Delta Airlines (DAL) has increased its dividend for six straight years.
With the recent share price drop, Delta shares now yield 7.2%. I think that the attractive yield will soon be history.
With passengers canceling flights and entire routes being canceled Delta’s already storing perfectly good airplanes in the desert to ride out this downturn.
Expect Delta to cut or suspend its dividend before the next regular dividend announcement date in late April.
Over the last several years, of the large, money center banks, Wells Fargo & Company (WFC) has faced the most turmoil.
The biggest scandal was opening new accounts for customers without their permission.
Lower interest rates and credit market volatility will put a big dent in bank profits.
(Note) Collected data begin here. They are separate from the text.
(* Let $p\in[1,\infty]$, $\alpha\in[0,1]$ irrational with rational approximants $\alpha_m$, $\theta\in[0,1)$, $\lambda\in\mathbb{R}$ and $E\in\mathbb{R}$. Set $A_m:=H_{\lambda,\alpha_m,0}-E$ and $A:=H_{\lambda,\alpha,\theta}-E$. Then $\nu(A)=\lim_{m\to\infty}\nu(A_m)$.
   Context: $(H_{\lambda,\beta,\theta}x)_n=x_{n+1}+x_{n-1}+\lambda v_{\beta,\theta}(n)x_n$ on $\ell^p(\mathbb{Z})$ with $v_{\beta,\theta}(n)=\chi_{[1-\beta,1)}(n\beta+\theta\bmod 1)$, for any $\beta\in[0,1]$ (rational or irrational). Rational approximants: for $\alpha=[a_1,a_2,\dots]$, $p_{-1}=1,p_0=0,p_n=a_np_{n-1}+p_{n-2}$, $q_{-1}=0,q_0=1,q_n=a_nq_{n-1}+q_{n-2}$, $\alpha_m=p_m/q_m$. Lower norm: $\nu(A)=\inf\{\|Ax\|:\|x\|=1\}$. *)

theory Defs
  imports "HOL-Analysis.Analysis"
begin

definition lp_mem :: "ereal \<Rightarrow> (int \<Rightarrow> complex) \<Rightarrow> bool" where
  "lp_mem p x \<longleftrightarrow>
     (if p = \<infinity> then bdd_above (range (\<lambda>n. norm (x n)))
      else (\<lambda>n. norm (x n) powr real_of_ereal p) summable_on UNIV)"

definition lp_norm :: "ereal \<Rightarrow> (int \<Rightarrow> complex) \<Rightarrow> real" where
  "lp_norm p x =
     (if p = \<infinity> then (SUP n. norm (x n))
      else (\<Sum>\<^sub>\<infinity>n. norm (x n) powr real_of_ereal p) powr (1 / real_of_ereal p))"

definition lower_norm :: "ereal \<Rightarrow> ((int \<Rightarrow> complex) \<Rightarrow> (int \<Rightarrow> complex)) \<Rightarrow> real" where
  "lower_norm p A = Inf {lp_norm p (A x) | x. lp_mem p x \<and> lp_norm p x = 1}"

definition sturm_pot :: "real \<Rightarrow> real \<Rightarrow> int \<Rightarrow> real" where
  "sturm_pot \<beta> \<theta> n = indicator {1 - \<beta> ..< 1} (frac (of_int n * \<beta> + \<theta>))"

definition sturm_H :: "real \<Rightarrow> real \<Rightarrow> real \<Rightarrow> (int \<Rightarrow> complex) \<Rightarrow> (int \<Rightarrow> complex)" where
  "sturm_H lam \<beta> \<theta> x = (\<lambda>n. x (n + 1) + x (n - 1) + of_real (lam * sturm_pot \<beta> \<theta> n) * x n)"

definition sturm_A :: "real \<Rightarrow> real \<Rightarrow> real \<Rightarrow> real \<Rightarrow> (int \<Rightarrow> complex) \<Rightarrow> (int \<Rightarrow> complex)" where
  "sturm_A lam \<beta> \<theta> E x = (\<lambda>n. sturm_H lam \<beta> \<theta> x n - of_real E * x n)"

definition gauss_map :: "real \<Rightarrow> real" where
  "gauss_map x = frac (1 / x)"

text \<open>cf_digit alpha n = a_n for n >= 1, where alpha = 1/(a_1 + 1/(a_2 + ...)).\<close>
definition cf_digit :: "real \<Rightarrow> nat \<Rightarrow> int" where
  "cf_digit \<alpha> n = floor (1 / (gauss_map ^^ (n - 1)) \<alpha>)"

text \<open>p_0 = 0, p_1 = a_1 p_0 + p_{-1} = 1, p_n = a_n p_{n-1} + p_{n-2};
      q_0 = 1, q_1 = a_1 q_0 + q_{-1} = a_1, q_n = a_n q_{n-1} + q_{n-2}.\<close>
fun cf_p :: "real \<Rightarrow> nat \<Rightarrow> int" where
  "cf_p \<alpha> 0 = 0"
| "cf_p \<alpha> (Suc 0) = 1"
| "cf_p \<alpha> (Suc (Suc n)) = cf_digit \<alpha> (Suc (Suc n)) * cf_p \<alpha> (Suc n) + cf_p \<alpha> n"

fun cf_q :: "real \<Rightarrow> nat \<Rightarrow> int" where
  "cf_q \<alpha> 0 = 1"
| "cf_q \<alpha> (Suc 0) = cf_digit \<alpha> 1"
| "cf_q \<alpha> (Suc (Suc n)) = cf_digit \<alpha> (Suc (Suc n)) * cf_q \<alpha> (Suc n) + cf_q \<alpha> n"

definition cf_approx :: "real \<Rightarrow> nat \<Rightarrow> real" where
  "cf_approx \<alpha> m = real_of_int (cf_p \<alpha> m) / real_of_int (cf_q \<alpha> m)"

end

theory Submission
  imports Defs
begin

text \<open>
  Write \<open>H - E\<close> as the discrete Schr\<ouml>dinger operator \<open>x \<mapsto> x(n+1) + x(n-1) + V(n) x(n)\<close>.
  Its lower norm is attained up to \<open>\<epsilon>\<close> by test vectors supported on intervals of a length
  \<open>L(\<epsilon>, p)\<close> that is uniform in the bounded potential \<open>V\<close>: for \<open>p = \<infinity>\<close> one multiplies a
  near-minimiser by a tent of width \<open>L\<close> around a point where it is almost maximal; for finite
  \<open>p\<close> one truncates it and then cuts it into pieces with the partition of unity formed by the
  \<open>p\<close>-th roots of tents, whose commutator with the Laplacian is \<open>O(L\<^sup>-\<^sup>1\<^sup>/\<^sup>p)\<close>, so that
  one piece is almost as good as the whole vector.  Hence, if every window of length \<open>L\<close> of
  \<open>V\<close> occurs (up to translation) in \<open>W\<close>, then \<open>\<nu>(A\<^sub>W) \<le> \<nu>(A\<^sub>V) + \<epsilon>\<close>.

  For Sturmian potentials, \<open>v\<^sub>\<beta>\<^sub>,\<^sub>\<theta>(n) = \<lfloor>(n+1)\<beta> + \<theta>\<rfloor> - \<lfloor>n\<beta> + \<theta>\<rfloor>\<close>, so windows agree as soon
  as the floors agree after a shift. A fixed window of \<open>v\<^sub>\<alpha>\<^sub>,\<^sub>\<theta>\<close> occurs in \<open>v\<^sub>\<alpha>\<^sub>m\<^sub>,\<^sub>0\<close> for large
  \<open>m\<close> since the values \<open>k p\<^sub>m/q\<^sub>m mod 1\<close> form the grid \<open>\<int>/q\<^sub>m\<close> and \<open>\<alpha>\<^sub>m \<rightarrow> \<alpha>\<close>; conversely, the
  floors of \<open>n p\<^sub>m/q\<^sub>m\<close> are stable under perturbations smaller than \<open>1/q\<^sub>m\<close>, and
  \<open>|\<alpha> - \<alpha>\<^sub>m| \<le> 1/q\<^sub>m\<^sup>2\<close> together with the density of \<open>k\<alpha> mod 1\<close> places every window of length
  \<open>L\<close> of \<open>v\<^sub>\<alpha>\<^sub>m\<^sub>,\<^sub>0\<close> inside \<open>v\<^sub>\<alpha>\<^sub>,\<^sub>\<theta>\<close> once \<open>q\<^sub>m > 4L + 4\<close>.
\<close>

section \<open>Continued fraction convergents\<close>

definition cf_rem :: "real \<Rightarrow> nat \<Rightarrow> real" where
  "cf_rem \<alpha> k = (gauss_map ^^ k) \<alpha>"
Wells has a new CEO, and I expect he will bite the bullet and use the current crisis as a reason to cut the dividend.
The WFC dividend has increased for nine straight years since coming out of the financial crisis.
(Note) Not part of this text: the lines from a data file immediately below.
lemma has_real_derivative_beam_shift:
  fixes u v x :: "real^2"
  assumes C1: "C1_plane \<phi>" and supp: "supp \<phi> \<subseteq> ball 0 r" and "norm u = 1"
  shows "((\<lambda>h. beam u \<phi> (x + h *\<^sub>R v)) has_real_derivative
    beam u (\<lambda>y. frechet_derivative \<phi> (at y) v) x) (at 0)"
proof -
  let ?D = "\<lambda>y. frechet_derivative \<phi> (at y) v"
  define R where "R = norm x + norm v + \<bar>r\<bar>"
  have eq: "beam u \<phi> (x + h *\<^sub>R v) = integral {0..R} (\<lambda>t. \<phi> (x + h *\<^sub>R v + t *\<^sub>R u))"
    if "h \<in> {-1<..<1}" for h
  proof -
    have "norm (x + h *\<^sub>R v) \<le> norm x + \<bar>h\<bar> * norm v" by (metis norm_triangle_ineq norm_scaleR)
    also have "\<dots> \<le> norm x + norm v" using that by (intro add_left_mono mult_left_le_one_le) auto
    finally show ?thesis unfolding R_def
      by (rule beam_eq_integral_Icc_ball[OF continuous_on_C1_plane[OF C1] supp \<open>norm u = 1\<close>])
  qed
  have eq0: "beam u ?D x = integral {0..R} (\<lambda>t. ?D (x + t *\<^sub>R u))" unfolding R_def
    by (rule beam_eq_integral_Icc_ball[OF continuous_on_frechet_derivative_C1_plane[OF C1]
          order_trans[OF supp_frechet_derivative supp] \<open>norm u = 1\<close>]) simp
  have "((\<lambda>h. integral (cbox 0 R) (\<lambda>t. \<phi> (x + h *\<^sub>R v + t *\<^sub>R u))) has_real_derivative
      integral (cbox 0 R) (\<lambda>t. ?D (x + 0 *\<^sub>R v + t *\<^sub>R u))) (at 0 within UNIV)"
  proof (rule leibniz_rule_field_derivative[where fx = "\<lambda>h t. ?D (x + h *\<^sub>R v + t *\<^sub>R u)"])
    fix h t :: real
    have "((\<lambda>h. \<phi> ((x + t *\<^sub>R u) + h *\<^sub>R v)) has_real_derivative ?D ((x + t *\<^sub>R u) + h *\<^sub>R v)) (at h)"
      by (rule has_real_derivative_along_line[OF has_derivative_C1_plane[OF C1]])
    then show "((\<lambda>h. \<phi> (x + h *\<^sub>R v + t *\<^sub>R u)) has_real_derivative ?D (x + h *\<^sub>R v + t *\<^sub>R u))
        (at h within UNIV)"
      by (simp add: add_ac)
  next
    show "(\<lambda>t. \<phi> (x + h *\<^sub>R v + t *\<^sub>R u)) integrable_on cbox 0 R" for h
      by (intro integrable_continuous continuous_on_compose2[OF continuous_on_C1_plane[OF C1]]
          continuous_intros) auto
    show "continuous_on (UNIV \<times> cbox 0 R) (\<lambda>(h, t). ?D (x + h *\<^sub>R v + t *\<^sub>R u))"
      unfolding split_beta
      by (intro continuous_on_compose2[OF continuous_on_frechet_derivative_C1_plane[OF C1]]
          continuous_intros) auto
  qed auto
  then have "((\<lambda>h. integral {0..R} (\<lambda>t. \<phi> (x + h *\<^sub>R v + t *\<^sub>R u))) has_real_derivative
      beam u ?D x) (at 0)"
    using eq0 by simp
  then show ?thesis
    by (rule has_field_derivative_transform_within_open[where S="{-1<..<1}"]) (use eq in auto)
qed

lemma beam_frechet_derivative_along:
  assumes "C1_plane \<phi>" and "supp \<phi> \<subseteq> ball 0 r" and "norm w = 1"
  shows "beam w (\<lambda>y. frechet_derivative \<phi> (at y) w) x = - \<phi> x"
proof -
  have "((\<lambda>s. beam w \<phi> (x + s *\<^sub>R w)) has_real_derivative - \<phi> x) (at 0)"
    by (rule has_real_derivative_beam_along[OF continuous_on_C1_plane[OF assms(1)]
          assms(2,3)])
  with has_real_derivative_beam_shift[OF assms] show ?thesis by (rule DERIV_unique)
qed

locale vline_setting =
  fixes u v :: "real^2" and r :: real and a b :: "real^2 \<Rightarrow> real"
  assumes norm_u: "norm u = 1" and norm_v: "norm v = 1"
    and C1_a: "C1_plane a" and C1_b: "C1_plane b"
    and supp_a: "supp a \<subseteq> ball 0 r" and supp_b: "supp b \<subseteq> ball 0 r"
begin

lemma has_real_derivative_beam_diff:
  "((\<lambda>h. beam v b (x + h *\<^sub>R v) - beam u a (x + h *\<^sub>R v)) has_real_derivative
    - b x - beam u (\<lambda>y. frechet_derivative a (at y) v) x) (at 0)"
  by (intro DERIV_diff has_real_derivative_beam_shift[OF C1_a supp_a norm_u]
      has_real_derivative_beam_along[OF continuous_on_C1_plane[OF C1_b] supp_b norm_v])

lemma frechet_derivative_eq_if_beam_eq:
  assumes "\<And>y. beam u a y = beam v b y"
  shows "frechet_derivative a (at x) v = frechet_derivative b (at x) u"
proof -
  have beam_derivative_a: "beam u (\<lambda>y. frechet_derivative a (at y) v) y = - b y" for y
  proof -
    have "((\<lambda>h. beam v b (y + h *\<^sub>R v) - beam u a (y + h *\<^sub>R v)) has_real_derivative 0) (at 0)"
      by (simp add: assms)
    from DERIV_unique[OF has_real_derivative_beam_diff this] show ?thesis by simp
  qed
  have "((\<lambda>s. beam u (\<lambda>y. frechet_derivative a (at y) v) (x + s *\<^sub>R u)) has_real_derivative
      - frechet_derivative a (at x) v) (at 0)"
    by (rule has_real_derivative_beam_along[OF continuous_on_frechet_derivative_C1_plane[OF C1_a]
          order_trans[OF supp_frechet_derivative supp_a] norm_u])
  then have "((\<lambda>s. - b (x + s *\<^sub>R u)) has_real_derivative - frechet_derivative a (at x) v) (at 0)"
    by (simp add: beam_derivative_a)
  moreover have "(b has_derivative frechet_derivative b (at x)) (at (x + 0 *\<^sub>R u))"
    using has_derivative_C1_plane[OF C1_b] by simp
  then have "((\<lambda>s. b (x + s *\<^sub>R u)) has_real_derivative frechet_derivative b (at x) u) (at 0)"
    by (rule has_real_derivative_along_line)
  then have "((\<lambda>s. - b (x + s *\<^sub>R u)) has_real_derivative - frechet_derivative b (at x) u) (at 0)"
    by (rule DERIV_minus)
  ultimately have "- frechet_derivative a (at x) v = - frechet_derivative b (at x) u"
    by (rule DERIV_unique)
  then show ?thesis by simp
qed

lemma beams_vanish_far_along_v:
  assumes "v \<bullet> perp u \<noteq> 0"
  obtains S where "beam u a (x + S *\<^sub>R v) = 0" and "beam v b (x + S *\<^sub>R v) = 0"
proof -
  define c where "c = \<bar>r\<bar> + norm x"
  define \<delta> where "\<delta> = \<bar>v \<bullet> perp u\<bar>"
  define S where "S = c + c / \<delta>"
  have "0 \<le> c" and "0 < \<delta>" using assms by (simp_all add: c_def \<delta>_def)
  then have "c \<le> S" and "c \<le> S * \<delta>"
    by (simp_all add: S_def field_simps)
  have x_bound: "\<bar>x \<bullet> w\<bar> \<le> norm x" if "norm w = 1" for w
    using Cauchy_Schwarz_ineq2[of x w] that by simp
  have "\<bar>S * (v \<bullet> perp u)\<bar> = S * \<delta>"
    using \<open>0 \<le> c\<close> \<open>c \<le> S\<close> by (simp add: \<delta>_def abs_mult)
  moreover have "\<bar>x \<bullet> perp u\<bar> \<le> norm x" using x_bound norm_perp norm_u by metis
  moreover have "(x + S *\<^sub>R v) \<bullet> perp u = x \<bullet> perp u + S * (v \<bullet> perp u)"
    by (simp add: inner_add_left)
  ultimately have "r \<le> \<bar>(x + S *\<^sub>R v) \<bullet> perp u\<bar>"
    using \<open>c \<le> S * \<delta>\<close> unfolding c_def by linarith
  then have "beam u a (x + S *\<^sub>R v) = 0"
    by (rule beam_eq_0_aside[OF continuous_on_C1_plane[OF C1_a] supp_a norm_u])
  moreover have "(x + S *\<^sub>R v) \<bullet> v = x \<bullet> v + S"
    using norm_v by (simp add: inner_add_left dot_square_norm)
  then have "r \<le> (x + S *\<^sub>R v) \<bullet> v"
    using x_bound[OF norm_v] \<open>c \<le> S\<close> unfolding c_def by linarith
  then have "beam v b (x + S *\<^sub>R v) = 0"
    by (rule beam_eq_0_ahead[OF continuous_on_C1_plane[OF C1_b] supp_b norm_v])
  ultimately show ?thesis by (rule that)
qed

lemma beam_eq_if_frechet_derivative_eq:
  assumes "v \<bullet> perp u \<noteq> 0"
    and "\<And>y. frechet_derivative a (at y) v = frechet_derivative b (at y) u"
  shows "beam u a x = beam v b x"
proof -
  define G where "G y = beam v b y - beam u a y" for y
  have "((\<lambda>h. G (y + h *\<^sub>R v)) has_real_derivative 0) (at 0)" for y
    using has_real_derivative_beam_diff[of y]
    by (simp add: G_def assms(2) beam_frechet_derivative_along[OF C1_b supp_b norm_u])
  then have "((\<lambda>h. G (x + h *\<^sub>R v)) has_real_derivative 0) (at s)" for s
    by (rule has_real_derivative_along_line_at[where D = "\<lambda>_. 0"])
  then have const: "G x = G (x + S *\<^sub>R v)" for S
    using DERIV_isconst_all[of "\<lambda>h. G (x + h *\<^sub>R v)" 0 S] by simp
  obtain S where "beam u a (x + S *\<^sub>R v) = 0" "beam v b (x + S *\<^sub>R v) = 0"
    using beams_vanish_far_along_v[OF assms(1)] .
  with const[of S] show ?thesis by (simp add: G_def)
qed

end

lemma inner_eq_lincomb_components:
  "(\<lambda>x. f x \<bullet> p) = (\<lambda>x. p$1 * f x $ 1 + p$2 * f x $ 2)" for f :: "'a \<Rightarrow> real^2"
  by (simp add: inner_real2 mult.commute)

lemma C1_plane_inner:
  fixes f :: "real^2 \<Rightarrow> real^2"
  assumes "C1_plane (\<lambda>x. f x $ 1)" and "C1_plane (\<lambda>x. f x $ 2)"
  shows "C1_plane (\<lambda>x. f x \<bullet> p)"
  unfolding inner_eq_lincomb_components using assms by (rule C1_plane_lincomb)

lemma supp_inner_subset:
  fixes f :: "real^2 \<Rightarrow> real^2"
  shows "supp (\<lambda>x. f x \<bullet> p) \<subseteq> supp (\<lambda>x. f x $ 1) \<union> supp (\<lambda>x. f x $ 2)"
  unfolding inner_eq_lincomb_components by (rule supp_lincomb)

lemma frechet_derivative_transverse_diff:
  fixes f :: "real^2 \<Rightarrow> real^2"
  assumes "(\<lambda>x. f x $ 1) differentiable (at y)" and "(\<lambda>x. f x $ 2) differentiable (at y)"
  shows "frechet_derivative (\<lambda>x. f x \<bullet> perp u) (at y) v
      - frechet_derivative (\<lambda>x. f x \<bullet> perp v) (at y) u = (v \<bullet> perp u) * divergence f y"
proof -
  have frechet_inner: "frechet_derivative (\<lambda>x. f x \<bullet> p) (at y) k
      = p$1 * (k$1 * partial 1 (\<lambda>x. f x $ 1) y + k$2 * partial 2 (\<lambda>x. f x $ 1) y)
      + p$2 * (k$1 * partial 1 (\<lambda>x. f x $ 2) y + k$2 * partial 2 (\<lambda>x. f x $ 2) y)" for p k
    unfolding inner_eq_lincomb_components
    by (simp add: frechet_derivative_lincomb frechet_derivative_plane assms)
  show ?thesis unfolding frechet_inner divergence_def by (simp add: perp_def inner_real2 algebra_simps)
qed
The current yield is 7.25%. It’s not a yield to chase.
Lodging REIT Park Hotels & Resorts (PK) reduced its dividend in February but is still priced to yield 29%.
Lodging/hotel REITs are the one type of real estate investment trust that participates in the financial results of the hotels they own.
The hotels are typically run by hotel company operators such as Hilton and Marriott.
The hotel industry is shut down by the coronavirus pandemic, and the sector should receive financial help from the federal government.
However, to make a recovery work, I expect most of the lodging REITs to suspend dividend payments for a short time.